Both conditions point in the same direction for most tasks. Prose generation tasks benefit from thinking and do not have format constraints that break. Structured output tasks have format constraints that break with thinking and do not benefit from deliberation anyway. The cases where the two conditions point in different directions are the ones worth examining carefully.

The honest cost of getting it wrong in either direction

Leaving thinking mode on for a JSON task produces a parsing failure. The pipeline stops. The error is logged. The failure is loud, immediate, and fixable. You know exactly what went wrong.

Disabling thinking for a prose task that benefits from deliberation produces something subtler. The output is returned. It is formatted correctly. It may even look right.
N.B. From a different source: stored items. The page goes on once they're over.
(* Let the joint distribution of observable random variables $(Y,D)$ on $\mathbb R\times\{0,1\}$ be given, and let $\nu$ be a probability distribution on $\mathbb R^2$. For a Borel set $A\subseteq\mathbb R^2$ define $U_{A,1}=\{y\in\mathbb R: ((-\infty,y]\times\{y\})\cap A\neq\varnothing\}$, $U_{A,0}=\{y\in\mathbb R:(\{y\}\times(-\infty,y])\cap A\neq\varnothing\}$, $L_{A,1}=\{y\in\mathbb R:(-\infty,y]\times\{y\}\subseteq A\}$, $L_{A,0}=\{y\in\mathbb R:\{y\}\times(-\infty,y]\subseteq A\}$. Then $\nu$ satisfies, for every Borel $A\subseteq\mathbb R^2$, $$\mathbb P(Y\in L_{A,0},D=0)+\mathbb P(Y\in L_{A,1},D=1)\le \nu(A)\le \mathbb P(Y\in U_{A,0},D=0)+\mathbb P(Y\in U_{A,1},D=1)$$ if and only if there exist, on some probability space, random variables $(\tilde Y,\tilde D,Y_0,Y_1)$ with $(\tilde Y,\tilde D)$ distributed as $(Y,D)$ and $(Y_0,Y_1)$ distributed as $\nu$ such that $\tilde Y=Y_1\tilde D+Y_0(1-\tilde D)$ and almost surely $Y_1>Y_0\Rightarrow \tilde D=1$ and $Y_1<Y_0\Rightarrow \tilde D=0$.
   Context: Roy model: $Y$ is a real observed outcome, $D\in\{0,1\}$ an observed sector indicator, $(Y_0,Y_1)$ real potential outcomes (ordered as $(Y_0,Y_1)$ in $\mathbb R^2$), with $Y=Y_1D+Y_0(1-D)$ and the selection rule $Y_1>Y_0\Rightarrow D=1$, $Y_1<Y_0\Rightarrow D=0$ (unspecified when $Y_1=Y_0$). *)

theory Defs
  imports "HOL-Probability.Probability"
begin

text \<open>Potential outcomes are ordered as (Y0, Y1) in R^2.\<close>

definition U1 :: "(real \<times> real) set \<Rightarrow> real set" where
  "U1 A = {y. \<exists>x. x \<le> y \<and> (x, y) \<in> A}"

definition U0 :: "(real \<times> real) set \<Rightarrow> real set" where
  "U0 A = {y. \<exists>x. x \<le> y \<and> (y, x) \<in> A}"

definition L1 :: "(real \<times> real) set \<Rightarrow> real set" where
  "L1 A = {y. \<forall>x. x \<le> y \<longrightarrow> (x, y) \<in> A}"

definition L0 :: "(real \<times> real) set \<Rightarrow> real set" where
  "L0 A = {y. \<forall>x. x \<le> y \<longrightarrow> (y, x) \<in> A}"

text \<open>Observable law P of (Y,D) on R x {0,1} (D encoded as bool, True = 1).
  Probabilities of the (possibly only analytic / co-analytic, hence universally
  measurable) sets U and L are taken w.r.t. the completion of P.\<close>

definition sharp_bounds :: "(real \<times> bool) measure \<Rightarrow> (real \<times> real) measure \<Rightarrow> bool" where
  "sharp_bounds P \<nu> \<longleftrightarrow>
    (\<forall>A \<in> sets (borel :: (real \<times> real) measure).
       measure (completion P) (L0 A \<times> {False}) + measure (completion P) (L1 A \<times> {True})
         \<le> measure \<nu> A
     \<and> measure \<nu> A
         \<le> measure (completion P) (U0 A \<times> {False}) + measure (completion P) (U1 A \<times> {True}))"

definition roy_realization ::
  "'c measure \<Rightarrow> ('c \<Rightarrow> real) \<Rightarrow> ('c \<Rightarrow> bool) \<Rightarrow> ('c \<Rightarrow> real) \<Rightarrow> ('c \<Rightarrow> real)
   \<Rightarrow> (real \<times> bool) measure \<Rightarrow> (real \<times> real) measure \<Rightarrow> bool" where
  "roy_realization M Yt Dt Y0 Y1 P \<nu> \<longleftrightarrow>
     prob_space M \<and>
     Yt \<in> borel_measurable M \<and> Dt \<in> measurable M (count_space UNIV) \<and>
     Y0 \<in> borel_measurable M \<and> Y1 \<in> borel_measurable M \<and>
     distr M (borel \<Otimes>\<^sub>M count_space UNIV) (\<lambda>\<omega>. (Yt \<omega>, Dt \<omega>)) = P \<and>
     distr M borel (\<lambda>\<omega>. (Y0 \<omega>, Y1 \<omega>)) = \<nu> \<and>
     (\<forall>\<omega> \<in> space M. Yt \<omega> = (if Dt \<omega> then Y1 \<omega> else Y0 \<omega>)) \<and>
     (AE \<omega> in M. (Y1 \<omega> > Y0 \<omega> \<longrightarrow> Dt \<omega>) \<and> (Y1 \<omega> < Y0 \<omega> \<longrightarrow> \<not> Dt \<omega>))"

end

theory Submission
  imports Defs
begin

(* Necessity: if D = 1 then Y0 <= Y1 = Y, so Y in L1 A forces (Y0, Y1) in A and
   (Y0, Y1) in A forces Y in U1 A; symmetrically for D = 0. The sets U0 A and U1 A are
   projections of Borel sets, hence analytic, and the capacitability argument shows that they
   are measurable for the completion of every finite Borel measure, which makes the upper
   bound meaningful.

   Sufficiency: applied to A = {Y0 <> Y1, (max, [Y0 < Y1]) in G} the upper bound says that the
   law of the selected observation of the strictly ordered potential outcomes is dominated by
   the law P of (Y, D); applied to A = {max (Y0, Y1) in B} both bounds say that max (Y0, Y1)
   has the law of Y. So the residual of P puts exactly the diagonal mass of nu on Y, and the
   measure sending off-diagonal outcomes to their selected observation and the residual to
   the diagonal couples P and nu as a Roy model. *)

text \<open>\<open>seq_closed C\<close> is sequential closedness in \<open>X \<times> \<real>\<^sup>\<nat>\<close> with the product topology, so
  \<open>souslin S\<close> says that \<open>S\<close> is the projection of such a set, that is, an analytic set.\<close>

definition seq_closed :: "('a::topological_space \<times> (nat \<Rightarrow> real)) set \<Rightarrow> bool" where
  "seq_closed C \<longleftrightarrow> (\<forall>s z s0 z0. (\<forall>k. (s k, z k) \<in> C) \<and> s \<longlonglongrightarrow> s0 \<and> (\<forall>i. (\<lambda>k. z k i) \<longlonglongrightarrow> z0 i)
      \<longrightarrow> (s0, z0) \<in> C)"

definition souslin :: "'a::topological_space set \<Rightarrow> bool" where
  "souslin S \<longleftrightarrow> (\<exists>C. seq_closed C \<and> S = Domain C)"

lemma seq_closedD:
  assumes "seq_closed C" "\<And>k. (s k, z k) \<in> C" "s \<longlonglongrightarrow> s0" "\<And>i. (\<lambda>k. z k i) \<longlonglongrightarrow> z0 i"
  shows "(s0, z0) \<in> C"
  using assms unfolding seq_closed_def by blast

lemma seq_closedI:
  assumes "\<And>s z s0 z0. \<lbrakk>\<And>k. (s k, z k) \<in> C; s \<longlonglongrightarrow> s0; \<And>i. (\<lambda>k. z k i) \<longlonglongrightarrow> z0 i\<rbrakk>
    \<Longrightarrow> (s0, z0) \<in> C"
  shows "seq_closed C"
  using assms unfolding seq_closed_def by blast

lemma souslin_closed:
  fixes S :: "'a::metric_space set"
  assumes "closed S"
  shows "souslin S"
proof -
  have "seq_closed (S \<times> (UNIV :: (nat \<Rightarrow> real) set))"
    using assms by (intro seq_closedI) (auto simp: closed_sequential_limits)
  then show ?thesis
    unfolding souslin_def by (intro exI[of _ "S \<times> UNIV"]) auto
qed

lemma souslin_INT:
  assumes "\<And>n::nat. souslin (S n)"
  shows "souslin (\<Inter>n. S n)"
proof -
  have "\<forall>n. \<exists>C. seq_closed C \<and> S n = Domain C"
    using assms unfolding souslin_def by blast
  then obtain C where C: "\<And>n. seq_closed (C n)" "\<And>n. S n = Domain (C n)"
    by (auto dest!: choice)
  define C' where "C' = {(s, z). \<forall>n. (s, \<lambda>i. z (prod_encode (n, i))) \<in> C n}"
  have "seq_closed C'"
  proof (rule seq_closedI)
    fix s z s0 z0
    assume sz: "\<And>k. (s k, z k) \<in> C'" and s: "s \<longlonglongrightarrow> s0" and z: "\<And>i. (\<lambda>k. z k i) \<longlonglongrightarrow> z0 i"
    have "(s0, \<lambda>i. z0 (prod_encode (n, i))) \<in> C n" for n
      by (rule seq_closedD[OF C(1), of s "\<lambda>k i. z k (prod_encode (n, i))"])
        (use sz s z in \<open>auto simp: C'_def\<close>)
    then show "(s0, z0) \<in> C'"
      unfolding C'_def by blast
  qed
  moreover have "(\<Inter>n. S n) = Domain C'"
  proof (rule set_eqI)
    fix s
    have "s \<in> (\<Inter>n. S n) \<longleftrightarrow> (\<forall>n. \<exists>z. (s, z) \<in> C n)"
      by (simp add: C(2) Domain_iff)
    also have "\<dots> \<longleftrightarrow> (\<exists>z. \<forall>n. (s, z n) \<in> C n)"
      by (rule choice_iff)
    also have "\<dots> \<longleftrightarrow> s \<in> Domain C'"
    proof
      assume "\<exists>z. \<forall>n. (s, z n) \<in> C n"
      then obtain z where "\<And>n. (s, z n) \<in> C n" by blast
      then have "(s, \<lambda>m. case prod_decode m of (n, i) \<Rightarrow> z n i) \<in> C'"
        by (simp add: C'_def)
      then show "s \<in> Domain C'" by blast
    qed (auto simp: C'_def)
    finally show "s \<in> (\<Inter>n. S n) \<longleftrightarrow> s \<in> Domain C'" .
  qed
  ultimately show ?thesis unfolding souslin_def by blast
qed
But it is shallower than it should be. The model did not work through the problem before answering. For tasks where the quality of reasoning is the product, that degradation is real and it accumulates across every call.

The first failure is loud and easy to fix. The second is quiet and easy to miss until something downstream goes wrong.

That asymmetry matters when the instinct is to disable thinking globally as a defensive measure after hitting the JSON failure. The safe-feeling choice is actually the one that degrades your product silently. The right choice is to be specific: disable thinking exactly where the output schema requires it, and nowhere else.